lemma linner_add_left:
  "\<xi> \<in> l2 \<Longrightarrow> \<xi>' \<in> l2 \<Longrightarrow> \<eta> \<in> l2 \<Longrightarrow> linner (\<lambda>x. \<xi> x + \<xi>' x) \<eta> = linner \<xi> \<eta> + linner \<xi>' \<eta>"
  using linner_lin_left[of \<xi> \<xi>' \<eta> 1 1] by simp

lemma linner_sum_left:
  assumes "finite F" "\<And>i. i \<in> F \<Longrightarrow> f i \<in> l2" "\<eta> \<in> l2"
  shows "linner (\<lambda>x. \<Sum>i\<in>F. c i * f i x) \<eta> = (\<Sum>i\<in>F. cnj (c i) * linner (f i) \<eta>)"
  using assms
proof (induction F rule: finite_induct)
  case empty
  then show ?case by (simp add: linner_def)
next
  case (insert a F)
  have "(\<lambda>x. \<Sum>i\<in>F. c i * f i x) \<in> l2"
    using insert by (auto intro!: l2_sum l2_scale)
  then show ?case
    using insert linner_lin_left[of "f a" "\<lambda>x. \<Sum>i\<in>F. c i * f i x" \<eta> "c a" 1] by simp
qed

definition delta :: "grp \<Rightarrow> vect" where
  "delta a = (\<lambda>y. if y = a then 1 else 0)"

lemma delta_l2 [simp]: "delta a \<in> l2"
  by (rule l2_finite_support) (simp add: delta_def)

lemma linner_delta_left: "linner (delta a) \<eta> = \<eta> a"
  by (subst linner_finite_support[of "{a}"]) (auto simp: delta_def)

lemma finite_support_eq_sum_delta:
  assumes "finite F" "\<And>x. x \<notin> F \<Longrightarrow> \<xi> x = 0"
  shows "\<xi> = (\<lambda>y. \<Sum>x\<in>F. \<xi> x * delta x y)"
proof
  fix y
  show "\<xi> y = (\<Sum>x\<in>F. \<xi> x * delta x y)"
  proof (cases "y \<in> F")
    case True
    then have "(\<Sum>x\<in>F. \<xi> x * delta x y) = (\<Sum>x\<in>{y}. \<xi> x * delta x y)"
      by (intro sum.mono_neutral_right) (auto simp: delta_def assms(1))
    then show ?thesis by (simp add: delta_def)
  qed (use assms in \<open>auto simp: delta_def intro!: sum.neutral\<close>)
qed

section \<open>Bounded operators and their adjoints\<close>

lemma bop_l2: "bop T \<Longrightarrow> \<xi> \<in> l2 \<Longrightarrow> T \<xi> \<in> l2"
  by (simp add: bop_def)

lemma bop_lin: "bop T \<Longrightarrow> \<xi> \<in> l2 \<Longrightarrow> \<eta> \<in> l2 \<Longrightarrow>
   T (\<lambda>x. a * \<xi> x + b * \<eta> x) = (\<lambda>x. a * T \<xi> x + b * T \<eta> x)"
  by (simp add: bop_def)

## Work task
For each line of the entries that holds the word "Longrightarrow", pull that line out.

## Written solution
  "\<xi> \<in> l2 \<Longrightarrow> \<xi>' \<in> l2 \<Longrightarrow> \<eta> \<in> l2 \<Longrightarrow> linner (\<lambda>x. \<xi> x + \<xi>' x) \<eta> = linner \<xi> \<eta> + linner \<xi>' \<eta>"
  assumes "finite F" "\<And>i. i \<in> F \<Longrightarrow> f i \<in> l2" "\<eta> \<in> l2"
  assumes "finite F" "\<And>x. x \<notin> F \<Longrightarrow> \<xi> x = 0"
lemma bop_l2: "bop T \<Longrightarrow> \<xi> \<in> l2 \<Longrightarrow> T \<xi> \<in> l2"
lemma bop_lin: "bop T \<Longrightarrow> \<xi> \<in> l2 \<Longrightarrow> \<eta> \<in> l2 \<Longrightarrow>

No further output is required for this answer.